'''

lemma phase_avg_sums:
  fixes g :: "nat \<Rightarrow> real \<Rightarrow> complex"
  assumes g: "\<And>i. g i \<in> borel_measurable lborel" and f: "f \<in> borel_measurable lborel"
    and sums: "\<And>\<theta>. (\<lambda>i. g i \<theta>) sums f \<theta>"
    and bounded: "\<And>N \<theta>. norm (\<Sum>i<N. g i \<theta>) \<le> B"
  shows "(\<lambda>i. phase_avg (g i)) sums phase_avg f"
proof -
  have "norm (g i \<theta>) \<le> 2 * B" for i \<theta>
  proof -
    have "g i \<theta> = (\<Sum>j<Suc i. g j \<theta>) - (\<Sum>j<i. g j \<theta>)" by simp
    moreover have "norm (\<Sum>j<Suc i. g j \<theta>) \<le> B" "norm (\<Sum>j<i. g j \<theta>) \<le> B" by (rule bounded)+
    ultimately show ?thesis by (metis mult_2 add_mono order_trans norm_triangle_ineq4)
  qed
  then have partial_sums: "(\<Sum>i<N. phase_avg (g i)) = phase_avg (\<lambda>\<theta>. \<Sum>i<N. g i \<theta>)" for N
    by (intro phase_avg_sum[symmetric]) (use g in auto)
  let ?s = "\<lambda>N \<theta>. indicator {0..<2*pi} \<theta> *\<^sub>R (\<Sum>i<N. g i \<theta>)"
  let ?f = "\<lambda>\<theta>. indicator {0..<2*pi} \<theta> *\<^sub>R f \<theta>"
  have "(\<lambda>N. integral\<^sup>L lborel (?s N)) \<longlonglongrightarrow> integral\<^sup>L lborel ?f"
  proof (rule integral_dominated_convergence)
    show "integrable lborel (\<lambda>\<theta>. norm (indicator {0..<2*pi} \<theta> *\<^sub>R complex_of_real B))"
      by (intro integrable_norm integrable_bounded_Ico[where B="norm (complex_of_real B)"]) auto
    show "AE \<theta> in lborel. (\<lambda>N. ?s N \<theta>) \<longlonglongrightarrow> ?f \<theta>"
      using sums unfolding sums_def by (auto intro!: tendsto_scaleR)
    show "AE \<theta> in lborel. norm (?s N \<theta>) \<le> norm (indicator {0..<2*pi} \<theta> *\<^sub>R complex_of_real B)" for N
      by (intro AE_I2) (auto split: split_indicator intro: order_trans[OF bounded abs_ge_self])
  qed (use f g in measurable)
  then have "(\<lambda>N. (1/(2*pi)) *\<^sub>R integral\<^sup>L lborel (?s N)) \<longlonglongrightarrow> (1/(2*pi)) *\<^sub>R integral\<^sup>L lborel ?f"
    by (intro tendsto_scaleR tendsto_const)
  then show ?thesis unfolding sums_def partial_sums by (simp add: phase_avg_def)
qed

'''

WHAT IS BEING ASKED: Reproduce the listing above precisely.

SOLUTION TO THE PROBLEM:
lemma phase_avg_sums:
  fixes g :: "nat \<Rightarrow> real \<Rightarrow> complex"
  assumes g: "\<And>i. g i \<in> borel_measurable lborel" and f: "f \<in> borel_measurable lborel"
    and sums: "\<And>\<theta>. (\<lambda>i. g i \<theta>) sums f \<theta>"
    and bounded: "\<And>N \<theta>. norm (\<Sum>i<N. g i \<theta>) \<le> B"
  shows "(\<lambda>i. phase_avg (g i)) sums phase_avg f"
proof -
  have "norm (g i \<theta>) \<le> 2 * B" for i \<theta>
  proof -
    have "g i \<theta> = (\<Sum>j<Suc i. g j \<theta>) - (\<Sum>j<i. g j \<theta>)" by simp
    moreover have "norm (\<Sum>j<Suc i. g j \<theta>) \<le> B" "norm (\<Sum>j<i. g j \<theta>) \<le> B" by (rule bounded)+
    ultimately show ?thesis by (metis mult_2 add_mono order_trans norm_triangle_ineq4)
  qed
  then have partial_sums: "(\<Sum>i<N. phase_avg (g i)) = phase_avg (\<lambda>\<theta>. \<Sum>i<N. g i \<theta>)" for N
    by (intro phase_avg_sum[symmetric]) (use g in auto)
  let ?s = "\<lambda>N \<theta>. indicator {0..<2*pi} \<theta> *\<^sub>R (\<Sum>i<N. g i \<theta>)"
  let ?f = "\<lambda>\<theta>. indicator {0..<2*pi} \<theta> *\<^sub>R f \<theta>"
  have "(\<lambda>N. integral\<^sup>L lborel (?s N)) \<longlonglongrightarrow> integral\<^sup>L lborel ?f"
  proof (rule integral_dominated_convergence)
    show "integrable lborel (\<lambda>\<theta>. norm (indicator {0..<2*pi} \<theta> *\<^sub>R complex_of_real B))"
      by (intro integrable_norm integrable_bounded_Ico[where B="norm (complex_of_real B)"]) auto
    show "AE \<theta> in lborel. (\<lambda>N. ?s N \<theta>) \<longlonglongrightarrow> ?f \<theta>"
      using sums unfolding sums_def by (auto intro!: tendsto_scaleR)
    show "AE \<theta> in lborel. norm (?s N \<theta>) \<le> norm (indicator {0..<2*pi} \<theta> *\<^sub>R complex_of_real B)" for N
      by (intro AE_I2) (auto split: split_indicator intro: order_trans[OF bounded abs_ge_self])
  qed (use f g in measurable)
  then have "(\<lambda>N. (1/(2*pi)) *\<^sub>R integral\<^sup>L lborel (?s N)) \<longlonglongrightarrow> (1/(2*pi)) *\<^sub>R integral\<^sup>L lborel ?f"
    by (intro tendsto_scaleR tendsto_const)
  then show ?thesis unfolding sums_def partial_sums by (simp add: phase_avg_def)
qed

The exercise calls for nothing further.